Material supplied

(* Let $\mu$ be a probability distribution on $\mathbb{Z}_{\ge0}$ with mean $m=\sum_k k\mu_k<1$ and $\mu_n\sim L(n)/n^2$ as $n\to\infty$, where $L:\mathbb{R}_+\to(0,\infty)$ is slowly varying. Let $X$ be a random variable with $\mathbb{P}(X=i)=\mu_{i+1}$ for integers $i\ge -1$. Let $(a_n)_{n\ge1}$ be a sequence with $n\mathbb{P}(X\ge a_n)\to1$, set $b_n=n\mathbb{E}[X\mathbb{1}_{|X|\le a_n}]$, and set $\ell^\star(n)=\sum_{k=n}^\infty L(k)/k$ for $n\ge1$. Then as $n\to\infty$: (i) $\ell^\star$ is slowly varying, $\ell^\star(n)\to0$, and $L(n)=o(\ell^\star(n))$; (ii) $b_n+n(1-m)\sim -n\,\ell^\star(a_n)$ and $b_n\sim -n(1-m)$; (iii) $a_n=o(n)$.
   Context: A function $L$ is slowly varying if $L(ax)/L(x)\to1$ as $x\to\infty$ for every $a>0$. The quantity $\ell^\star(n)$ is finite since $\mu$ has finite mean. *)

theory Defs
  imports "HOL-Analysis.Analysis" "HOL-Library.Landau_Symbols"
begin

definition slowly_varying :: "(real \<Rightarrow> real) \<Rightarrow> bool" where
  "slowly_varying L \<longleftrightarrow> (\<forall>a>0. ((\<lambda>x. L (a * x) / L x) \<longlongrightarrow> 1) at_top)"

text \<open>X takes value i with probability mu (i+1), i.e. X = K - 1 where P(K = k) = mu k.
  P(X \<ge> a):\<close>
definition tailX :: "(nat \<Rightarrow> real) \<Rightarrow> real \<Rightarrow> real" where
  "tailX mu a = infsum mu {k. real k - 1 \<ge> a}"

definition trunc_meanX :: "(nat \<Rightarrow> real) \<Rightarrow> real \<Rightarrow> real" where
  "trunc_meanX mu a = (\<Sum>k\<in>{k. \<bar>real k - 1\<bar> \<le> a}. (real k - 1) * mu k)"

definition ell_star :: "(real \<Rightarrow> real) \<Rightarrow> real \<Rightarrow> real" where
  "ell_star L x = infsum (\<lambda>k::nat. L (real k) / real k) {k. real k \<ge> x}"

end

theory Submission
  imports Defs
begin

text \<open>Write \<open>l(k) = L(k)/k\<close>. Since \<open>k mu\<^sub>k \<sim> l(k)\<close> and \<open>mu\<close> has finite mean, \<open>l\<close> is summable and
  \<open>\<ell>\<^sup>\<star>\<close> is its tail. By the uniform convergence theorem for slowly varying functions, \<open>L(k)\<close> stays
  within a factor 2 of \<open>L(n)\<close> for \<open>n \<le> k \<le> Mn\<close>. Summing \<open>l\<close> over such blocks gives
  \<open>\<ell>\<^sup>\<star>(n) \<ge> L(n) ln M / 2\<close>, hence \<open>L = o(\<ell>\<^sup>\<star>)\<close>, and \<open>\<ell>\<^sup>\<star>(n) - \<ell>\<^sup>\<star>(bn) \<le> 2b L(n)\<close>, hence \<open>\<ell>\<^sup>\<star>\<close> is
  slowly varying. Since \<open>E X = m - 1\<close>, we have \<open>b\<^sub>n + n(1 - m) = -n E[X; X > a\<^sub>n]\<close>, a tail of a series
  whose terms are asymptotic to \<open>l\<close>, so it is \<open>\<sim> -n \<ell>\<^sup>\<star>(a\<^sub>n) = o(n)\<close>. Finally
  \<open>a\<^sub>n P(X \<ge> a\<^sub>n) \<le> E[X; X \<ge> a\<^sub>n] \<rightarrow> 0\<close> while \<open>n P(X \<ge> a\<^sub>n) \<rightarrow> 1\<close>, so \<open>a\<^sub>n = o(n)\<close>.\<close>

section \<open>The uniform convergence theorem\<close>

definition large_increment_shifts ::
    "(real \<Rightarrow> real) \<Rightarrow> real \<Rightarrow> real \<Rightarrow> (nat \<Rightarrow> real) \<Rightarrow> nat \<Rightarrow> real set" where
  "large_increment_shifts h T e z n = {s \<in> {0..T}. \<exists>m\<ge>n. e \<le> \<bar>h (z m + s) - h (z m)\<bar>}"

lemma large_increment_shifts_sets:
  assumes "h \<in> borel_measurable borel"
  shows "large_increment_shifts h T e z n \<in> sets lborel"
proof -
  have "large_increment_shifts h T e z n =
      {0..T} \<inter> (\<Union>m\<in>{n..}. {s. e \<le> \<bar>h (z m + s) - h (z m)\<bar>})"
    by (auto simp: large_increment_shifts_def)
  also have "\<dots> \<in> sets lborel"
    using assms by measurable
  finally show ?thesis .
qed

lemma measure_large_increment_shifts_tendsto_0:
  fixes h :: "real \<Rightarrow> real" and z :: "nat \<Rightarrow> real"
  assumes h_meas: "h \<in> borel_measurable borel"
    and h_incr: "\<And>s. s \<ge> 0 \<Longrightarrow> ((\<lambda>x. h (x + s) - h x) \<longlongrightarrow> 0) at_top"
    and z: "filterlim z at_top sequentially" and e: "e > 0"
  shows "(\<lambda>n. measure lborel (large_increment_shifts h T e z n)) \<longlonglongrightarrow> 0"
proof -
  let ?E = "large_increment_shifts h T e z"
  have "(\<lambda>n. measure lborel (?E n)) \<longlonglongrightarrow> measure lborel (\<Inter>n. ?E n)"
  proof (rule Lim_measure_decseq)
    show "range ?E \<subseteq> sets lborel"
      using large_increment_shifts_sets[OF h_meas] by auto
    show "decseq ?E"
      unfolding decseq_def large_increment_shifts_def by (auto 4 4 intro: le_trans)
    show "emeasure lborel (?E n) \<noteq> \<infinity>" for n
    proof -
      have "bounded (?E n)"
        by (rule bounded_subset[OF bounded_closed_interval]) (auto simp: large_increment_shifts_def)
      then show ?thesis
        using emeasure_bounded_finite[of "?E n"] by simp
    qed
  qed
  moreover have "(\<Inter>n. ?E n) = {}"
  proof safe
    fix s assume s: "s \<in> (\<Inter>n. ?E n)"
    then have "s \<ge> 0" by (auto simp: large_increment_shifts_def)
    from filterlim_compose[OF h_incr[OF this] z]
    have "\<forall>\<^sub>F m in sequentially. \<bar>h (z m + s) - h (z m)\<bar> < e"
      using e by (auto simp: tendsto_iff dist_real_def)
    then obtain N where "\<And>m. m \<ge> N \<Longrightarrow> \<bar>h (z m + s) - h (z m)\<bar> < e"
      by (auto simp: eventually_sequentially)
    moreover from s have "s \<in> ?E N" by blast
    ultimately show "s \<in> {}"
      by (force simp: large_increment_shifts_def)
  qed
  ultimately show ?thesis by simp
qed

lemma lborel_translation_vimage:
  fixes A :: "real set"
  assumes "A \<in> sets lborel"
  shows "(+) a -` A \<in> sets lborel" and "measure lborel ((+) a -` A) = measure lborel A"
  using measurable_sets[OF _ assms, of "(+) a" lborel] measure_distr[of "(+) a" lborel borel A] assms
  by (simp_all add: lborel_distr_plus)

lemma exists_notin_union_of_small_measure:
  fixes A B :: "real set"
  assumes A: "A \<in> sets lborel" and B: "B \<in> sets lborel" and bounded: "bounded (A \<union> B)"
    and small: "measure lborel A + measure lborel B < r - l"
  shows "\<exists>s\<in>{l..r}. s \<notin> A \<union> B"
proof (rule ccontr)
  assume "\<not> ?thesis"
  then have "{l..r} \<subseteq> A \<union> B" by auto
  moreover have "A \<union> B \<in> fmeasurable lborel"
    using A B emeasure_bounded_finite[OF bounded] by (intro fmeasurableI) auto
  ultimately have "measure lborel {l..r} \<le> measure lborel (A \<union> B)"
    by (intro measure_mono_fmeasurable) auto
  also have "\<dots> \<le> measure lborel A + measure lborel B"
    using A B by (intro measure_Un_le) auto
  finally show False
    using small measure_nonneg[of lborel A] measure_nonneg[of lborel B] by simp
qed

text \<open>An Egorov-type argument: for large \<open>n\<close> most shifts \<open>s \<in> [0, 2T]\<close> have only small
  increments from \<open>x\<^sub>n\<close> and from \<open>y\<^sub>n = x\<^sub>n + u\<^sub>n\<close>, so some \<open>s \<in> [u\<^sub>n, 2T]\<close> is good for both and
  \<open>h y\<^sub>n - h x\<^sub>n\<close> splits into two small increments through \<open>x\<^sub>n + s = y\<^sub>n + (s - u\<^sub>n)\<close>.\<close>
theorem uniform_convergence_additive:
  fixes h :: "real \<Rightarrow> real"
  assumes h_meas: "h \<in> borel_measurable borel"
    and h_incr: "\<And>s. s \<ge> 0 \<Longrightarrow> ((\<lambda>x. h (x + s) - h x) \<longlongrightarrow> 0) at_top"
    and T: "T > 0" and e: "e > 0"
  shows "\<forall>\<^sub>F x in at_top. \<forall>u\<in>{0..T}. \<bar>h (x + u) - h x\<bar> < e"
proof (rule ccontr)
  assume "\<not> ?thesis"
  then have "\<forall>n::nat. \<exists>x\<ge>real n. \<exists>u\<in>{0..T}. e \<le> \<bar>h (x + u) - h x\<bar>"
    by (auto simp: eventually_at_top_linorder not_less)
  then obtain x u where x: "\<And>n. x n \<ge> real n" and u: "\<And>n. u n \<in> {0..T}"
    and large: "\<And>n. e \<le> \<bar>h (x n + u n) - h (x n)\<bar>"
    by metis
  define y where "y n = x n + u n" for n
  have x_inf: "filterlim x at_top sequentially" and y_inf: "filterlim y at_top sequentially"
    using x u by (auto intro!: filterlim_at_top_mono[OF filterlim_real_sequentially]
        simp: y_def add_increasing2)
  let ?E = "\<lambda>z. large_increment_shifts h (2 * T) (e / 2) z"
  have small_E: "\<forall>\<^sub>F n in sequentially. measure lborel (?E z n) < T / 2"
    if "filterlim z at_top sequentially" for z
    using order_tendstoD(2)[OF measure_large_increment_shifts_tendsto_0[OF h_meas h_incr that,
        where e = "e / 2" and T = "2 * T"], of "T / 2"] T e by simp
  have "\<forall>\<^sub>F n in sequentially. measure lborel (?E x n) < T / 2 \<and> measure lborel (?E y n) < T / 2"
    using small_E[OF x_inf] small_E[OF y_inf] by (rule eventually_conj)
  then obtain n where Ex: "measure lborel (?E x n) < T / 2" and Ey: "measure lborel (?E y n) < T / 2"
    by (auto simp: eventually_sequentially)
  define P where "P = (+) (- u n) -` ?E y n"
  have E_sets: "?E z n \<in> sets lborel" for z
    by (rule large_increment_shifts_sets[OF h_meas])
  have "\<exists>s\<in>{u n..2 * T}. s \<notin> ?E x n \<union> P"
  proof (rule exists_notin_union_of_small_measure)
    show "P \<in> sets lborel"
      unfolding P_def by (rule lborel_translation_vimage(1)[OF E_sets])
    have "?E x n \<union> P \<subseteq> {0..3 * T}"
      using u[of n] T by (auto simp: P_def large_increment_shifts_def)
    then show "bounded (?E x n \<union> P)"
      by (rule bounded_subset[OF bounded_closed_interval])
    show "measure lborel (?E x n) + measure lborel P < 2 * T - u n"
      using Ex Ey u[of n] lborel_translation_vimage(2)[OF E_sets[of y], of "- u n"]
      by (simp add: P_def)
  qed (rule E_sets)
  then obtain s where s: "s \<in> {u n..2 * T}" "s \<notin> ?E x n" "s \<notin> P" by blast
  have "\<bar>h (x n + s) - h (x n)\<bar> < e / 2"
    using s(1,2) u[of n] by (force simp: large_increment_shifts_def)
  moreover have "\<bar>h (y n + (s - u n)) - h (y n)\<bar> < e / 2"
    using s(1,3) u[of n] by (force simp: large_increment_shifts_def P_def)
  ultimately show False
    using large[of n] unfolding y_def by simp argo
qed

lemma slowly_varying_ln_exp_increment_tendsto_0:
  fixes L :: "real \<Rightarrow> real"
  assumes L_pos: "\<And>x. x > 0 \<Longrightarrow> L x > 0" and L_sv: "slowly_varying L"
  shows "((\<lambda>t. ln (L (exp (t + s))) - ln (L (exp t))) \<longlongrightarrow> 0) at_top"
proof -
  have "((\<lambda>x. L (exp s * x) / L x) \<longlongrightarrow> 1) at_top"
    using L_sv by (simp add: slowly_varying_def)
  from tendsto_ln[OF filterlim_compose[OF this exp_at_top]]
  have "((\<lambda>t. ln (L (exp s * exp t) / L (exp t))) \<longlongrightarrow> 0) at_top" by simp
  moreover have "ln (L (exp s * exp t) / L (exp t)) = ln (L (exp (t + s))) - ln (L (exp t))" for t
    using L_pos[of "exp t"] L_pos[of "exp s * exp t"] by (simp add: ln_div exp_add mult.commute)
  ultimately show ?thesis by simp
qed

lemma slowly_varying_uniform_ratio_bound:
  fixes L :: "real \<Rightarrow> real"
  assumes L_pos: "\<And>x. x > 0 \<Longrightarrow> L x > 0" and L_meas: "L \<in> borel_measurable borel"
    and L_sv: "slowly_varying L" and M: "M \<ge> 1" and c: "c > 1"
  shows "\<forall>\<^sub>F x in at_top. \<forall>y\<in>{x..M * x}. L x / c \<le> L y \<and> L y \<le> c * L x"
proof -
  define h where "h t = ln (L (exp t))" for t
  have h_meas: "h \<in> borel_measurable borel"
    unfolding h_def using L_meas by measurable
  have h_incr: "((\<lambda>t. h (t + s) - h t) \<longlongrightarrow> 0) at_top" for s
    unfolding h_def by (rule slowly_varying_ln_exp_increment_tendsto_0[OF L_pos L_sv])
  have "\<forall>\<^sub>F t in at_top. \<forall>u\<in>{0..ln M + 1}. \<bar>h (t + u) - h t\<bar> < ln c"
    using ln_ge_zero[OF M] c by (intro uniform_convergence_additive[OF h_meas h_incr]) auto
  then obtain X where X: "\<forall>t\<ge>X. \<forall>u\<in>{0..ln M + 1}. \<bar>h (t + u) - h t\<bar> < ln c"
    by (auto simp: eventually_at_top_linorder)
  show ?thesis
    using eventually_ge_at_top[of "max 1 (exp X)"]
  proof eventually_elim
    case (elim x)
    show ?case
    proof
      fix y assume y: "y \<in> {x..M * x}"
      have x_pos: "x > 0" and y_pos: "y > 0" and "ln x \<ge> X"
        using elim y by (auto simp: ln_ge_iff)
      moreover have "ln y \<le> ln (M * x)"
        using y x_pos by simp
      then have "ln y - ln x \<in> {0..ln M + 1}"
        using y x_pos M by (simp add: ln_mult)
      ultimately have "\<bar>h (ln x + (ln y - ln x)) - h (ln x)\<bar> < ln c"
        using X by blast
      then have "\<bar>ln (L y) - ln (L x)\<bar> < ln c"
        using x_pos y_pos by (simp add: h_def)
      then have "ln (L y) < ln (c * L x)" "ln (L x) < ln (c * L y)"
        using L_pos[OF x_pos] L_pos[OF y_pos] c by (auto simp: ln_mult)
      then have "L y < c * L x" "L x < c * L y"
        using L_pos[OF x_pos] L_pos[OF y_pos] c by simp_all
      then show "L x / c \<le> L y \<and> L y \<le> c * L x"
        using c by (simp add: pos_divide_le_eq mult.commute)
    qed
  qed
qed

lemma slowly_varying_uniform_ratio_bound_sequentially:
  fixes L :: "real \<Rightarrow> real"
  assumes L_meas: "L \<in> borel_measurable borel" and L_sv: "slowly_varying L"
    and L_pos: "\<And>x. x > 0 \<Longrightarrow> L x > 0" and M: "M \<ge> 1"
  shows "\<forall>\<^sub>F n in sequentially. \<forall>y\<in>{real n..M * real n}. L (real n) / 2 \<le> L y \<and> L y \<le> 2 * L (real n)"
  using eventually_compose_filterlim[OF slowly_varying_uniform_ratio_bound[OF L_pos L_meas L_sv M,
        where c = 2] filterlim_real_sequentially] by simp

section \<open>Tails of series\<close>

definition tail_sum :: "(nat \<Rightarrow> real) \<Rightarrow> nat \<Rightarrow> real" where
  "tail_sum f N = (\<Sum>i. f (i + N))"

lemma tail_sum_shift: "tail_sum (\<lambda>i. f (Suc i)) N = tail_sum f (Suc N)"
  by (simp add: tail_sum_def)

Task requirements
Retype the records above, but only those lines that fall between the line containing "h x\<bar> <" and the line containing "then obtain x u", with both of those lines included, exactly as written.

Answer for the task
  shows "\<forall>\<^sub>F x in at_top. \<forall>u\<in>{0..T}. \<bar>h (x + u) - h x\<bar> < e"
proof (rule ccontr)
  assume "\<not> ?thesis"
  then have "\<forall>n::nat. \<exists>x\<ge>real n. \<exists>u\<in>{0..T}. e \<le> \<bar>h (x + u) - h x\<bar>"
    by (auto simp: eventually_at_top_linorder not_less)
  then obtain x u where x: "\<And>n. x n \<ge> real n" and u: "\<And>n. u n \<in> {0..T}"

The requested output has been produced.